*** Opening of Records shown ***
lemma hpow_mult_dcomm:
  assumes "a \<in> quasi_center" shows "h ^ N * dcomm a r = commutator a r"
proof -
  obtain x where "commutator a r = h ^ N * x"
    using assms unfolding quasi_center_def by blast
  then show ?thesis
    using dcomm_eqI by simp
qed

lemma dcomm_self: "dcomm a a = 0"
  by (rule dcomm_eqI) (simp add: commutator_self)

lemma dcomm_swap: "a \<in> quasi_center \<Longrightarrow> dcomm r a = - dcomm a r"
  by (rule dcomm_eqI) (simp add: hpow_mult_dcomm commutator_swap[of r])

lemma dcomm_add_right: "a \<in> quasi_center \<Longrightarrow> dcomm a (r + s) = dcomm a r + dcomm a s"
  by (rule dcomm_eqI) (simp add: distrib_left hpow_mult_dcomm commutator_add_right)

lemma dcomm_diff_right: "a \<in> quasi_center \<Longrightarrow> dcomm a (r - s) = dcomm a r - dcomm a s"
  by (rule dcomm_eqI) (simp add: right_diff_distrib hpow_mult_dcomm commutator_diff_right)

lemma dcomm_center_mult_right:
  "a \<in> quasi_center \<Longrightarrow> c \<in> center \<Longrightarrow> dcomm a (c * s) = c * dcomm a s"
  by (rule dcomm_eqI)
    (simp add: hpow_mult_left_commute hpow_mult_dcomm commutator_center_mult_right)

lemma dcomm_scale_right:
  "is_algebra sc \<Longrightarrow> a \<in> quasi_center \<Longrightarrow> dcomm a (sc c r) = sc c (dcomm a r)"
  by (rule dcomm_eqI) (simp add: commutator_scale_right hpow_mult_dcomm flip: is_algebra_mult_right)

lemma dcomm_mult_right:
  assumes a: "a \<in> quasi_center"
  shows "dcomm a (r * s) = dcomm a r * s + r * dcomm a s"
proof (rule dcomm_eqI)
  have "h ^ N * (dcomm a r * s + r * dcomm a s) = (h ^ N * dcomm a r) * s + r * (h ^ N * dcomm a s)"
    by (simp add: distrib_left hpow_mult_left_commute mult.assoc)
  also have "\<dots> = commutator a (r * s)"
    by (simp add: hpow_mult_dcomm a commutator_mult_right)
  finally show "h ^ N * (dcomm a r * s + r * dcomm a s) = commutator a (r * s)" .
qed

lemma dcomm_add_left:
  "a \<in> quasi_center \<Longrightarrow> b \<in> quasi_center \<Longrightarrow> dcomm (a + b) r = dcomm a r + dcomm b r"
  by (rule dcomm_eqI) (simp add: distrib_left hpow_mult_dcomm commutator_add_left)

lemma dcomm_scale_left:
  "is_algebra sc \<Longrightarrow> a \<in> quasi_center \<Longrightarrow> dcomm (sc c a) r = sc c (dcomm a r)"
  by (rule dcomm_eqI) (simp add: commutator_scale_left hpow_mult_dcomm flip: is_algebra_mult_right)

lemma dcomm_mult_left:
  assumes a: "a \<in> quasi_center" and b: "b \<in> quasi_center"
  shows "dcomm (a * b) r = a * dcomm b r + dcomm a r * b"
proof (rule dcomm_eqI)
  have "h ^ N * (a * dcomm b r + dcomm a r * b) = a * (h ^ N * dcomm b r) + (h ^ N * dcomm a r) * b"
    by (simp add: distrib_left hpow_mult_left_commute mult.assoc)
  also have "\<dots> = commutator (a * b) r"
    by (simp add: hpow_mult_dcomm a b commutator_mult_left)
  finally show "h ^ N * (a * dcomm b r + dcomm a r * b) = commutator (a * b) r" .
qed

lemma hpow_mult_dcomm_swap: "c \<in> quasi_center \<Longrightarrow> h ^ N * dcomm r c = commutator r c"
  by (simp add: dcomm_swap hpow_mult_dcomm commutator_swap[of r])

lemma dcomm_jacobi:
  assumes a: "a \<in> quasi_center" and b: "b \<in> quasi_center" and c: "c \<in> quasi_center"
  shows "dcomm a (dcomm b c) = dcomm (dcomm a b) c + dcomm b (dcomm a c)"
proof -
  have hN: "h ^ N \<in> center"
    using h_central by (rule power_in_center)
  have nested: "commutator p (commutator q r) = h ^ N * (h ^ N * dcomm p (dcomm q r))"
    if "p \<in> quasi_center" "q \<in> quasi_center" for p q r
  proof -
    have "commutator p (commutator q r) = commutator p (h ^ N * dcomm q r)"
      by (simp add: hpow_mult_dcomm that)
    also have "\<dots> = h ^ N * commutator p (dcomm q r)"
      by (rule commutator_center_mult_right[OF hN])
    finally show ?thesis
      by (simp add: hpow_mult_dcomm that)
  qed
  have bc: "commutator a (commutator b c) = h ^ N * (h ^ N * dcomm a (dcomm b c))"
    using a b by (rule nested)
  have ac: "commutator b (commutator a c) = h ^ N * (h ^ N * dcomm b (dcomm a c))"
    using b a by (rule nested)
  have "commutator (commutator a b) c = - commutator c (commutator a b)"
    by (rule commutator_swap)
  also have "\<dots> = h ^ N * (h ^ N * dcomm (dcomm a b) c)"
    by (simp add: nested c a dcomm_swap[OF c])
  finally have ab: "commutator (commutator a b) c = h ^ N * (h ^ N * dcomm (dcomm a b) c)" .
  have "h ^ N * (h ^ N * dcomm a (dcomm b c))
      = h ^ N * (h ^ N * (dcomm (dcomm a b) c + dcomm b (dcomm a c)))"
    using commutator_jacobi[of a b c] by (simp only: ab ac bc distrib_left)
  then have "h ^ N * dcomm a (dcomm b c) = h ^ N * (dcomm (dcomm a b) c + dcomm b (dcomm a c))"
    by (rule hpow_mult_cancel)
  then show ?thesis
    by (rule hpow_mult_cancel)
qed

end

locale quantization = divided_commutator h N
  for h :: "'r::ring_1" and N :: nat +
  fixes sR :: "'k::field \<Rightarrow> 'r \<Rightarrow> 'r" and s0 :: "'k \<Rightarrow> 'r0::ring_1 \<Rightarrow> 'r0"
    and \<theta> :: "'r \<Rightarrow> 'r0" and \<iota> :: "'r0 \<Rightarrow> 'r"
  assumes algR: "is_algebra sR"
    and theta_lin: "k_linear sR s0 \<theta>"
    and theta_mult: "\<forall>x y. \<theta> (x * y) = \<theta> x * \<theta> y"
    and theta_ker: "\<forall>x. \<theta> x = 0 \<longleftrightarrow> (\<exists>r. x = h * r)"
    and iota_lin: "k_linear s0 sR \<iota>"
    and iota_section: "\<forall>w. \<theta> (\<iota> w) = w"
    and comm_div: "\<forall>z\<in>(center :: 'r0 set). \<forall>r. \<exists>x. commutator (\<iota> z) r = h ^ N * x"
begin

abbreviation bracket :: "'r0 \<Rightarrow> 'r0 \<Rightarrow> 'r0" where
  "bracket \<equiv> pdel \<theta> \<iota> h N"

lemma iota_quasi_center: "z \<in> center \<Longrightarrow> \<iota> z \<in> quasi_center"
  using comm_div unfolding quasi_center_def by blast

lemma bracket_eq: "bracket z w = \<theta> (dcomm (\<iota> z) (\<iota> w))"
  unfolding pdel_def dcomm_def ..

lemma theta_dcomm_cong:
  assumes a: "a \<in> quasi_center" and eq: "\<theta> r = \<theta> r'"
  shows "\<theta> (dcomm a r) = \<theta> (dcomm a r')"
proof -
  have "\<theta> (r - r') = 0"
    using eq by (simp add: k_linear_diff[OF theta_lin])
  then obtain s where "r - r' = h * s"
    using theta_ker by blast
  then have "dcomm a r - dcomm a r' = h * dcomm a s"
    by (metis a h_central dcomm_diff_right dcomm_center_mult_right)
  then have "\<theta> (dcomm a r - dcomm a r') = 0"
    using theta_ker by blast
  then show ?thesis
    by (simp add: k_linear_diff[OF theta_lin])
qed

lemma bracket_eq_lift:
  "z \<in> center \<Longrightarrow> \<theta> r = w \<Longrightarrow> bracket z w = \<theta> (dcomm (\<iota> z) r)"
  by (simp add: bracket_eq iota_section iota_quasi_center theta_dcomm_cong)

lemma bracket_add_right:
  assumes "z \<in> center" shows "bracket z (w + w') = bracket z w + bracket z w'"
proof -
  have "bracket z (w + w') = \<theta> (dcomm (\<iota> z) (\<iota> w + \<iota> w'))"
    using assms by (simp add: bracket_eq_lift k_linear_add[OF theta_lin] iota_section)
  then show ?thesis
    using assms by (simp add: dcomm_add_right iota_quasi_center k_linear_add[OF theta_lin] bracket_eq)
qed

lemma bracket_scale_right: "z \<in> center \<Longrightarrow> bracket z (s0 c w) = s0 c (bracket z w)"
  by (simp add: bracket_eq k_linear_scale[OF iota_lin] k_linear_scale[OF theta_lin]
      dcomm_scale_right[OF algR] iota_quasi_center)

lemma bracket_mult_right:
  assumes "z \<in> center" shows "bracket z (w * w') = bracket z w * w' + w * bracket z w'"
proof -
  have "bracket z (w * w') = \<theta> (dcomm (\<iota> z) (\<iota> w * \<iota> w'))"
    using assms by (simp add: bracket_eq_lift theta_mult iota_section)
  then show ?thesis
    using assms by (simp add: dcomm_mult_right iota_quasi_center k_linear_add[OF theta_lin]
        theta_mult iota_section bracket_eq)
qed

lemma bracket_add_left:
  "z \<in> center \<Longrightarrow> z' \<in> center \<Longrightarrow> bracket (z + z') w = bracket z w + bracket z' w"
  by (simp add: bracket_eq k_linear_add[OF iota_lin] k_linear_add[OF theta_lin]
      dcomm_add_left iota_quasi_center)

lemma bracket_scale_left: "z \<in> center \<Longrightarrow> bracket (s0 c z) w = s0 c (bracket z w)"
  by (simp add: bracket_eq k_linear_scale[OF iota_lin] k_linear_scale[OF theta_lin]
      dcomm_scale_left[OF algR] iota_quasi_center)

lemma bracket_self: "bracket z z = 0"
  using k_linear_diff[OF theta_lin, of 0 0] by (simp add: bracket_eq dcomm_self)

lemma bracket_swap: "w \<in> center \<Longrightarrow> bracket u w = - bracket w u"
  by (simp add: bracket_eq dcomm_swap iota_quasi_center k_linear_minus[OF theta_lin])

lemma bracket_jacobi:
  assumes x: "x \<in> center" and y: "y \<in> center" and z: "z \<in> center"
  shows "bracket x (bracket y z) = bracket (bracket x y) z + bracket y (bracket x z)"
proof -
  have "bracket x (bracket y z) = \<theta> (dcomm (\<iota> x) (dcomm (\<iota> y) (\<iota> z)))"
    by (rule bracket_eq_lift[OF x]) (simp add: bracket_eq)
  moreover have "bracket y (bracket x z) = \<theta> (dcomm (\<iota> y) (dcomm (\<iota> x) (\<iota> z)))"
    by (rule bracket_eq_lift[OF y]) (simp add: bracket_eq)
  moreover have "bracket (bracket x y) z = \<theta> (dcomm (dcomm (\<iota> x) (\<iota> y)) (\<iota> z))"
  proof -
    have "bracket (bracket x y) z = - bracket z (bracket x y)"
      by (rule bracket_swap[OF z])
    also have "\<dots> = - \<theta> (dcomm (\<iota> z) (dcomm (\<iota> x) (\<iota> y)))"
      using bracket_eq_lift[OF z, of "dcomm (\<iota> x) (\<iota> y)"] by (simp add: bracket_eq)
    also have "\<dots> = \<theta> (dcomm (dcomm (\<iota> x) (\<iota> y)) (\<iota> z))"
      using dcomm_swap[OF iota_quasi_center[OF z], of "dcomm (\<iota> x) (\<iota> y)"]
      by (simp add: k_linear_minus[OF theta_lin])
    finally show ?thesis .
  qed
  ultimately show ?thesis
    using dcomm_jacobi[OF iota_quasi_center[OF x] iota_quasi_center[OF y] iota_quasi_center[OF z]]
    by (simp add: k_linear_add[OF theta_lin])
qed

lemma bracket_mult_left:
  assumes z: "z \<in> center" and z': "z' \<in> center" and mult: "\<iota> (z * z') = \<iota> z * \<iota> z'"
  shows "bracket (z * z') w = z * bracket z' w + z' * bracket z w"
proof -
  have "bracket (z * z') w = z * bracket z' w + bracket z w * z'"
    by (simp add: bracket_eq mult dcomm_mult_left iota_quasi_center z z'
        k_linear_add[OF theta_lin] theta_mult iota_section)
  then show ?thesis
    by (simp add: center_commute[OF z'])
qed

lemma bracket_is_derivation: "z \<in> center \<Longrightarrow> is_derivation s0 (bracket z)"
  unfolding is_derivation_def k_linear_def
  by (simp add: bracket_add_right bracket_scale_right bracket_mult_right)

lemma poisson_algebra_bracket:
  assumes sub: "is_subalgebra s0 C" and central: "C \<subseteq> center"
    and closed: "\<forall>z\<in>C. \<forall>z'\<in>C. bracket z z' \<in> C"
  shows "poisson_algebra s0 C bracket"
proof -
  have cen: "x \<in> center" if "x \<in> C" for x
    using central that by blast
  have add: "x + y \<in> C" and scale: "s0 c x \<in> C" if "x \<in> C" "y \<in> C" for x y c
    using sub that unfolding is_subalgebra_def by blast+
  have antisym: "\<forall>x\<in>C. \<forall>y\<in>C. bracket x y = - bracket y x"
    using bracket_swap cen by blast
  have jacobi: "\<forall>x\<in>C. \<forall>y\<in>C. \<forall>z\<in>C.
      bracket x (bracket y z) = bracket (bracket x y) z + bracket y (bracket x z)"
    using bracket_jacobi cen by blast
  show ?thesis
    unfolding poisson_algebra_def
    by (intro conjI ballI allI sub closed antisym jacobi)
      (simp_all add: cen add scale bracket_add_left bracket_add_right bracket_scale_left
        bracket_scale_right bracket_self bracket_mult_right center_commute)
qed

lemma poisson_order_bracket:
  assumes sub: "is_subalgebra s0 C" and central: "C \<subseteq> center" and fin: "module_finite C"
    and closed: "\<forall>z\<in>C. \<forall>z'\<in>C. bracket z z' \<in> C"
  shows "poisson_order s0 C bracket"
proof -
  have cen: "x \<in> center" if "x \<in> C" for x
    using central that by blast
  show ?thesis
    unfolding poisson_order_def is_derivation_rel_def
    by (intro conjI ballI allI ext sub central fin poisson_algebra_bracket[OF sub central closed])
      (simp_all add: cen closed bracket_is_derivation bracket_add_left bracket_scale_left)
qed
*** Close of Records shown ***
▶ [Activity]
Locate the word "obtain" in the entries, and copy every line where it is found.

▶ [Written response]
  obtain x where "commutator a r = h ^ N * x"
  then obtain s where "r - r' = h * s"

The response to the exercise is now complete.